Set up data transfers via Snowflake Share

Updated today

Overview

JamLoop’s Platform gives customers flexible options to access and analyze campaign data in the way that best fits their reporting, attribution and BI workflows. Customers can either configure custom aggregate reports directly in the platform, or set-up dynamic data transfers via Snowflake Share.

Summary of Export Types

There are three main types of data transfer:

  1. Aggregate

    1. Grouped and summarized views of campaign performance across chosen dimensions

    2. May or may not include attribution

  1. Log-Level Delivery (*Snowflake Share only)

    1. Granular, impression-level reporting showing every ad delivered.

    2. Can be used to calculate metrics such as household reach and frequency

  1. Log-Level Attribution (*Snowflake Share only)

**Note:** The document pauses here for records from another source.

text \<open>The s-th code of z lies on the line numbering the pair (m, r) of the output line and the
  current assignment; its x-coordinate encodes either the next position together with the
  line of its value, or, once settled, the x-coordinate of g z.\<close>

definition code :: "nat \<Rightarrow> (nat \<Rightarrow> pt) \<Rightarrow> pt" where
  "code s z = (let m = snd (g z); r = assignment m z s; i = next_pos r m z in
     (if settled r m z then 2 * fst (g z) else Suc (2 * to_nat (i, snd (z i))), to_nat (m, r)))"

lemma code_eq:
  assumes "snd (g z) = m" "assignment m z s = r"
  shows "code s z = (if settled r m z then 2 * fst (g z)
      else Suc (2 * to_nat (next_pos r m z, snd (z (next_pos r m z)))), to_nat (m, r))"
  unfolding code_def Let_def assms ..

lemma code_line:
  assumes "snd (code s z) = L" "from_nat L = (m, r)"
  shows "snd (g z) = m" "assignment m z s = r"
proof -
  have "to_nat (snd (g z), assignment (snd (g z)) z s) = L"
    using assms(1) unfolding code_def Let_def by simp
  then have "(snd (g z), assignment (snd (g z)) z s) = (m, r)"
    using assms(2) by (metis from_nat_to_nat)
  then show "snd (g z) = m" "assignment m z s = r" by auto
qed

definition code_values :: "pt option list \<Rightarrow> nat \<Rightarrow> nat set" where
  "code_values r m = (\<lambda>y. 2 * fst y) ` outputs r m (threshold r m)
     \<union> (\<lambda>ib. Suc (2 * to_nat ib)) ` ({..<k} \<times> {..<threshold r m})"

lemma finite_code_values: "length r = k \<Longrightarrow> finite (code_values r m)"
  unfolding code_values_def using finite_outputs_threshold by blast

lemma fst_code_in_code_values:
  assumes mr: "snd (g z) = m" "assignment m z s = r"
  shows "fst (code s z) \<in> code_values r m"
proof (cases "settled r m z")
  case True
  then have "g z \<in> outputs r m (threshold r m)"
    using extends_assignment[of z m s] mr unfolding outputs_def settled_def by blast
  then show ?thesis using True unfolding code_eq[OF mr] code_values_def by simp
next
  case False
  have "next_pos r m z < k" "snd (z (next_pos r m z)) < threshold r m"
    using next_pos_spec[OF False] length_assignment mr(2) unfolding free_pos_def by auto
  then show ?thesis using False unfolding code_eq[OF mr] code_values_def by simp
qed

text \<open>Each code operation has its range in J, as the threshold makes the x-coordinates on each
  line finite in number.\<close>

lemma range_code_in_idealJ: "range (code s) \<in> idealJ"
  unfolding mem_idealJ
proof
  fix L
  obtain m :: nat and r :: "pt option list" where mr: "from_nat L = (m, r)" by (metis prod.exhaust)
  show "finite (range (code s) \<inter> line L)"
  proof (cases "range (code s) \<inter> line L = {}")
    case False
    then obtain z0 where "snd (code s z0) = L" unfolding line_def by blast
    then have len: "length r = k" using code_line[OF _ mr] length_assignment by metis
    have "range (code s) \<inter> line L \<subseteq> (\<lambda>c. (c, L)) ` code_values r m"
    proof
      fix y assume "y \<in> range (code s) \<inter> line L"
      then obtain z where z: "y = code s z" "snd y = L" unfolding line_def by blast
      then have "fst y \<in> code_values r m"
        using fst_code_in_code_values code_line[OF _ mr] by simp
      then show "y \<in> (\<lambda>c. (c, L)) ` code_values r m" using z(2) by (metis image_eqI prod.collapse)
    qed
    then show ?thesis using finite_code_values[OF len] by (meson finite_imageI finite_subset)
  qed simp
qed

definition coded_inputs :: "pt set \<Rightarrow> nat \<Rightarrow> (nat \<Rightarrow> pt) set" where
  "coded_inputs B m = {z. (\<forall>i<k. z i \<in> B) \<and> (\<forall>s\<le>k. code s z \<in> B) \<and> snd (g z) = m}"

definition step_choices :: "pt set \<Rightarrow> nat \<Rightarrow> pt option list \<Rightarrow> (nat \<times> pt) set" where
  "step_choices B m r = {(i, q). (Suc (2 * to_nat (i, snd q)), to_nat (m, r)) \<in> B \<and> q \<in> B}"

    1. Granular conversion-focused reporting that ties conversions back to attributed impressions

Each export type is designed for different levels of transparency and analytical depth. By aligning the transfer type with the customer use cases, JamLoop ensures brands can validate performance, power internal modeling, and integrate seamlessly into BI environments.

Delivery Methods

  • Direct Download (*aggregate reports only)

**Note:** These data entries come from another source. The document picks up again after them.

(* Let n = length z. The automaton acts on C^(2n+2): basis states 0..n are non-halting and
   record how much of z has been matched, states n+1..2n reject and state 2n+1 accepts.
   Reading a applies, for k = n-1 down to 0 with z!k = a, the Householder reflection along
   (e_k - e_(k+1))/2 - e_(n+1+k)/sqrt 2. It touches only the coordinates k, k+1 and n+1+k,
   so coordinate n+1+k is still zero when its reflection comes, and then the reflection
   replaces the amplitudes at k and k+1 by their mean and sends the rest to the reject state
   n+1+k, which the measurement discards. The surviving real amplitude vector therefore stays
   nonincreasing, vanishes beyond the length p of the greedy match of z in the input read so
   far, and keeps at least 2^-p at p: because the sweep runs downwards, reading z!p moves half
   of the amplitude at p to p+1 and no further, and any other symbol can only raise the
   amplitude at p. The end-marker swaps states n and 2n+1, so the acceptance probability is
   the squared amplitude at n, which is at least 4^-n if z is a subsequence of the input and
   0 otherwise; the accepting state is never touched before the end-marker. *)

theory Submission
  imports Defs "HOL-Library.Sublist"
begin

section \<open>Householder reflections\<close>

definition basis_vec :: "nat \<Rightarrow> nat \<Rightarrow> complex" where
  "basis_vec j = (\<lambda>i. if i = j then 1 else 0)"

definition cinner :: "nat \<Rightarrow> (nat \<Rightarrow> complex) \<Rightarrow> (nat \<Rightarrow> complex) \<Rightarrow> complex" where
  "cinner m u v = (\<Sum>k<m. cnj (u k) * v k)"

definition matrix_op :: "nat \<Rightarrow> ((nat \<Rightarrow> complex) \<Rightarrow> (nat \<Rightarrow> complex)) \<Rightarrow> bool" where
  "matrix_op m A \<longleftrightarrow> (\<forall>\<psi> i. i < m \<longrightarrow> A \<psi> i = (\<Sum>j<m. A (basis_vec j) i * \<psi> j))"

definition householder :: "nat \<Rightarrow> (nat \<Rightarrow> real) \<Rightarrow> (nat \<Rightarrow> complex) \<Rightarrow> nat \<Rightarrow> complex" where
  "householder m w \<psi> = (\<lambda>i. \<psi> i - 2 * (\<Sum>k<m. of_real (w k) * \<psi> k) * of_real (w i))"

lemma sum_lessThan_support:
  fixes m :: nat
  assumes "T \<subseteq> {..<m}" and "\<And>t. t < m \<Longrightarrow> t \<notin> T \<Longrightarrow> f t = 0"
  shows "(\<Sum>t<m. f t) = sum f T"
  using assms by (intro sum.mono_neutral_right) auto
lemma integral_ratio_ge:
  assumes c: "0 \<le> c"
    and opt_E0: "(\<integral>w. indicator (\<Pi>\<^sub>E j\<in>{..<n}. {..\<tau>}) w * opt_val F w \<partial>PiM {..<n} M)
                   \<le> c * \<tau> * (\<Prod>j<n. prob_below j)"
  shows "(\<Prod>j<n. prob_below j) * ln (1 / (\<Prod>j<n. prob_below j)) / (c + 1)
           \<le> (\<integral>w. single_threshold_value n \<tau> w / opt_val F w \<partial>PiM {..<n} M)"
proof -
  let ?t = "\<lambda>e w. indicator {\<tau><..} (w e)
                  * (indicator (others_below n \<tau> e) w * (\<tau> / (\<tau> + opt_val F (w(e := 0)))))"
  have t_int: "integrable (PiM {..<n} M) (?t e)" if "e < n" for e
  proof (intro integrable_const_bound[where B = 1] AE_I2)
    fix w show "norm (?t e w) \<le> 1"
      using opt_val_nonneg'[of "w(e := 0)"] tau_pos by (simp add: indicator_def)
  qed (use that in measurable)
  have "(\<Prod>j<n. prob_below j) * ln (1 / (\<Prod>j<n. prob_below j)) / (c + 1)
          \<le> (\<Sum>e<n. (1 - prob_below e) * prob_others_below e / (1 + c))"
    by (rule prod_ln_le_sum_exceedance[OF c])
  also have "\<dots> \<le> (\<Sum>e<n. \<integral>w. ?t e w \<partial>PiM {..<n} M)"
    by (intro sum_mono integral_exceedance_ge c opt_E0) simp
  also have "\<dots> = (\<integral>w. (\<Sum>e<n. ?t e w) \<partial>PiM {..<n} M)"
    using t_int by (intro Bochner_Integration.integral_sum[symmetric]) simp
  also have "\<dots> \<le> (\<integral>w. single_threshold_value n \<tau> w / opt_val F w \<partial>PiM {..<n} M)"
    using t_int integrable_single_threshold_ratio finite_F F_down F_empty F_single tau_pos
    by (intro integral_mono sum_exceedance_le_ratio Bochner_Integration.integrable_sum) auto
  finally show ?thesis .
qed

end

lemma threshold_pos_of_nonneg_no_atom:
  fixes N :: "real measure"
  assumes N: "prob_space N" "sets N = sets borel" and nonneg: "AE x in N. 0 \<le> x"
    and no_atom: "emeasure N {0} = 0" and pos: "0 < measure N {..\<tau>}"
  shows "0 < \<tau>"
proof (rule ccontr)
  assume "\<not> 0 < \<tau>"
  interpret N: prob_space N by (rule N(1))
  have "AE x in N. x \<noteq> 0"
    using N(2) no_atom by (intro AE_I'[of "{0}"]) auto
  with nonneg have "AE x in N. x \<notin> {..\<tau>}"
    by eventually_elim (use \<open>\<not> 0 < \<tau>\<close> in auto)
  then have "measure N {..\<tau>} = 0"
    using N(2) by (subst N.prob_eq_0) auto
  with pos show False by simp
qed

text \<open>\<^locale>\<open>product_prob_space\<close> needs a probability measure at every index; the indices outside
  \<open>{..<n}\<close> get a point mass, which does not change the product over \<open>{..<n}\<close>.\<close>

definition pad_distr :: "nat \<Rightarrow> (nat \<Rightarrow> real measure) \<Rightarrow> nat \<Rightarrow> real measure" where
  "pad_distr n D e = (if e < n then D e else return borel 0)"

lemma weight_measure_pad_distr: "weight_measure n D = PiM {..<n} (pad_distr n D)"
  unfolding weight_measure_def pad_distr_def by (intro PiM_cong) auto

lemma sets_pad_distr: "\<forall>e<n. sets (D e) = sets borel \<Longrightarrow> sets (pad_distr n D e) = sets borel"
  by (simp add: pad_distr_def)

lemma finite_product_prob_space_pad_distr:
  assumes "\<forall>e<n. prob_space (D e)"
  shows "finite_product_prob_space (pad_distr n D) {..<n}"
proof -
  have "prob_space (pad_distr n D e)" for e
    using assms by (auto simp: pad_distr_def intro: prob_space_return)
  then show ?thesis
    by (simp add: finite_product_prob_space_def finite_product_sigma_finite_def product_prob_space_def
        product_prob_space_axioms_def product_sigma_finite_def prob_space_imp_sigma_finite
        finite_product_sigma_finite_axioms_def)
qed

lemma event0_eq_PiE:
  assumes "\<forall>e<n. sets (D e) = sets borel"
  shows "event0 n D \<tau> = (\<Pi>\<^sub>E e\<in>{..<n}. {..\<tau>})"
proof -
  have "space (pad_distr n D e) = UNIV" for e
    using sets_eq_imp_space_eq[OF sets_pad_distr[OF assms]] by simp
  then show ?thesis
    unfolding event0_def weight_measure_pad_distr by (auto simp: space_PiM PiE_iff extensional_def)
qed

lemma cond_opt_mult_measure:
  "measure (weight_measure n D) (event0 n D \<tau>) \<noteq> 0 \<Longrightarrow>
     cond_opt n F D \<tau> * measure (weight_measure n D) (event0 n D \<tau>)
       = (\<integral>w. indicator (event0 n D \<tau>) w * opt_val F w \<partial>weight_measure n D)"
  by (simp add: cond_opt_def set_lebesgue_integral_def)

lemma cond_opt_nonneg: "finite F \<Longrightarrow> {} \<in> F \<Longrightarrow> 0 \<le> cond_opt n F D \<tau>"
  unfolding cond_opt_def set_lebesgue_integral_def
  by (intro divide_nonneg_nonneg integral_nonneg) (auto simp: opt_val_nonneg)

    • Accessible directly from JamLoop’s reporting interface.

    • Best for ad hoc or smaller-scale exports

    • Custom Reports are emailed (aggregates only) and include a download link

    • Reports can be sent directly to customer inboxes

    • Useful for lightweight, human-readable exports and when multiple team members need regular access.

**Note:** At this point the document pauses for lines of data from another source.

theorem theorem3p1:
  "\<exists>c::real. c > 0 \<and>
    (\<forall>n::nat. \<forall>F::real \<Rightarrow> real. n \<ge> 2 \<and> regular F \<longrightarrow>
      (let p = Finv F (1 - 1 / real n) * (1 - 1 / real n) ^ (n - 1) in
        (INF T\<in>equilibria n F (\<lambda>_. p). ereal (revenue n F (\<lambda>_. p) T))
          \<ge> ereal c * (SUP p'\<in>{p'. \<forall>i<n. p' i > 0}.
                          SUP T\<in>equilibria n F p'. ereal (revenue n F p' T))))"
proof (intro exI[of _ "1/18"] conjI allI impI)
  fix n :: nat and F :: "real \<Rightarrow> real"
  assume "n \<ge> 2 \<and> regular F"
  then have n2: "n \<ge> 2" and "regular F" by auto
  then obtain f a b where "regular_distribution F f a b"
    using regular_imp_regular_distribution by blast
  then interpret regular_distribution F f a b .
  define x where "x = Finv F (1 - 1 / real n)"
  define k where "k = (1 - 1 / real n) ^ (n - 1)"
  have k: "k \<le> 1/2" "1/3 \<le> k" using one_minus_inverse_power_bounds[OF n2] unfolding k_def by auto
  have v: "0 < 1 - 1 / real n" "1 - 1 / real n < 1" "1/2 \<le> 1 - 1 / real n"
    using n2 by (simp_all add: field_simps)
  note x = Finv_quantile[OF v(1,2), folded x_def]
  have x0: "0 < x" using x(2) a_nonneg by simp
  have half: "1 - F x \<le> F x" using x(1) v(3) by simp
  have "revenue n F p' T \<le> 3 * x" if "T \<in> equilibria n F p'" for p' T
    using equilibrium_revenue_le[OF x(2,3) half that] x(1) n2 by simp
  then have "(SUP p'\<in>{p'. \<forall>i<n. p' i > 0}. SUP T\<in>equilibria n F p'. ereal (revenue n F p' T))
      \<le> ereal (3 * x)"
    by (intro SUP_least) simp
  then have "ereal (1/18) * (SUP p'\<in>{p'. \<forall>i<n. p' i > 0}. SUP T\<in>equilibria n F p'. ereal (revenue n F p' T))
      \<le> ereal (1/18) * ereal (3 * x)"
    by (rule ereal_mult_left_mono) simp
  also have "\<dots> \<le> ereal (x * k / 2)" using k x0 by simp
  also have "\<dots> \<le> (INF T\<in>equilibria n F (\<lambda>_. x * k). ereal (revenue n F (\<lambda>_. x * k) T))"
    using uniform_price_revenue_ge[OF mono Fe_bounds, of n "x * k" x] k x0 x(1) n2
    by (intro INF_greatest) simp
  finally show "(let p = Finv F (1 - 1 / real n) * (1 - 1 / real n) ^ (n - 1) in
        (INF T\<in>equilibria n F (\<lambda>_. p). ereal (revenue n F (\<lambda>_. p) T))
          \<ge> ereal (1/18) * (SUP p'\<in>{p'. \<forall>i<n. p' i > 0}.
                          SUP T\<in>equilibria n F p'. ereal (revenue n F p' T)))"
    unfolding x_def[symmetric] k_def[symmetric] Let_def .
qed simp

end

    • Exports with more than 100k rows are not supported by an email export

  • Snowflake Share

    • Aggregate & Log-Level options

    • Data delivered directly into the customer’s Snowflake environment

    • Eliminates file transfers and enables near-real-time access for advanced analytics teams.

    • Requires customer to setup access ahead of time

    • In some cases, JamLoop may support direct integrations with a BI tool so long as the BI system has an integration and/or can receive data from Snowflake’s cloud-based warehouse

Scheduling & Frequency

  • Frequency Options

    • Custom Reports

      • Daily

      • Weekly

      • Monthly

    • Snowflake Share

      • Dynamic / Real-Time

  • Timing Cadence

    • Exports are recommended to be delivered during off-peak hours (e.g. early morning UTC/local time) to capture completed activity from the prior period, and/or account for attribution which processes daily between 5:00 - 7:00AM Eastern Time.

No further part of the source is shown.